Monday, October 10, 2011

Spouses are often the first to notice effects of PTSD




Spouses are often the first to notice effects of PTSD

Posted: October 10, 2011
By Timothy J. Gibbons
Three days into Tony’s tour as a guard at a detention facility in Iraq, the first mortar attack came.

Pulling on every piece of protective equipment he could find, Tony rushed to a bunker. Inside: two soldiers, in shorts and helmets, shrugging off the entire thing. Outside: an airman sat playing a guitar, oblivious to his surroundings.
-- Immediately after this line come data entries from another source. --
theorem lemma6:
  fixes m p r1 r2 :: real
  assumes "1 \<le> m"
    and "0 < p" "p < 1"
    and "0 < r2" "r2 < r1" "r1 < 1"
  shows "\<forall>h l::nat. real h \<ge> max (h0 m p) (sqrt m) \<and> real l < sqrt m \<longrightarrow>
           expected_ratio m p r1 r2 h l \<ge> min (1 - 1 / sqrt m) (h1 m p / m)"
proof (intro allI impI)
  fix h l :: nat
  assume hl: "real h \<ge> max (h0 m p) (sqrt m) \<and> real l < sqrt m"
  have p: "p \<in> {0..1}" using assms(2,3) by simp
  have sqrt_m: "0 \<le> sqrt m" "sqrt m \<le> m" using real_sqrt_le_self[OF assms(1)] assms(1) by simp_all
  define E where "E = measure_pmf.expectation (binomial_pmf h p) (\<lambda>s. min (m - sqrt m) (real (h - s)))"
  have "E / m = measure_pmf.expectation (binomial_pmf h p) (\<lambda>s. min (m - sqrt m) (real (h - s)) / m)"
    by (simp add: E_def)
  also have "\<dots> \<le> expected_ratio m p r1 r2 h l"
    using p hl sqrt_m assms(1,4,5)
    by (intro expectation_binomial_pmf_le_expected_ratio ratio_ge_min_capacity) auto
  finally have E_le: "E / m \<le> expected_ratio m p r1 r2 h l" .
  have "h1 m p / m \<le> E / m"
  proof (cases "h0 m p = 0")
    case True
    \<comment> \<open>then \<open>h1 m p = 0\<close>, because \<open>beta p / sqrt 0 = 0\<close>\<close>
    have "0 \<le> E" unfolding E_def using sqrt_m by (intro Bochner_Integration.integral_nonneg) simp
    then show ?thesis using True assms(1) by (simp add: h1_def)
  next
    case False
    then have "0 < h0 m p" using h0_bounds(1)[OF assms(1-3)] by simp
    then have "h1 m p \<le> E"
      unfolding E_def using hl assms(1-3) by (intro h1_le_expectation_min) auto
    then show ?thesis using assms(1) by (simp add: divide_right_mono)
  qed
  then show "min (1 - 1 / sqrt m) (h1 m p / m) \<le> expected_ratio m p r1 r2 h l"
    using E_le by linarith
qed

end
“It was surreal,” Tony said.

He got to talk to his wife a few days later, but communication system problems cut the conversations short.

“He never got to tell me what happened,” said his wife, Michelle. “I’m glad he didn’t.”

Michelle still hasn’t heard about some of Tony’s experiences, things she can’t understand for want of having lived through them.

That’s a common refrain from the spouses of those with post-traumatic stress disorder, who have to deal with the aftermath of a situation utterly alien to most of their lives in addition to the normal relationship stresses of being apart for months or a year.

The Times-Union is not using last names at the subjects’ request, to protect their privacy.

Wives are often the ones who notice symptoms, said Ken Harwood, a civilian psychologist who oversees several therapy groups at Jacksonville Navy Hospital, including the one Tony is in.

“They immediately see he’s different,” he said about wives welcoming husbands back, “[he’s] highly irritable, numb, isolating himself in his room.

“They feel they just got their man back, and he’s broken.”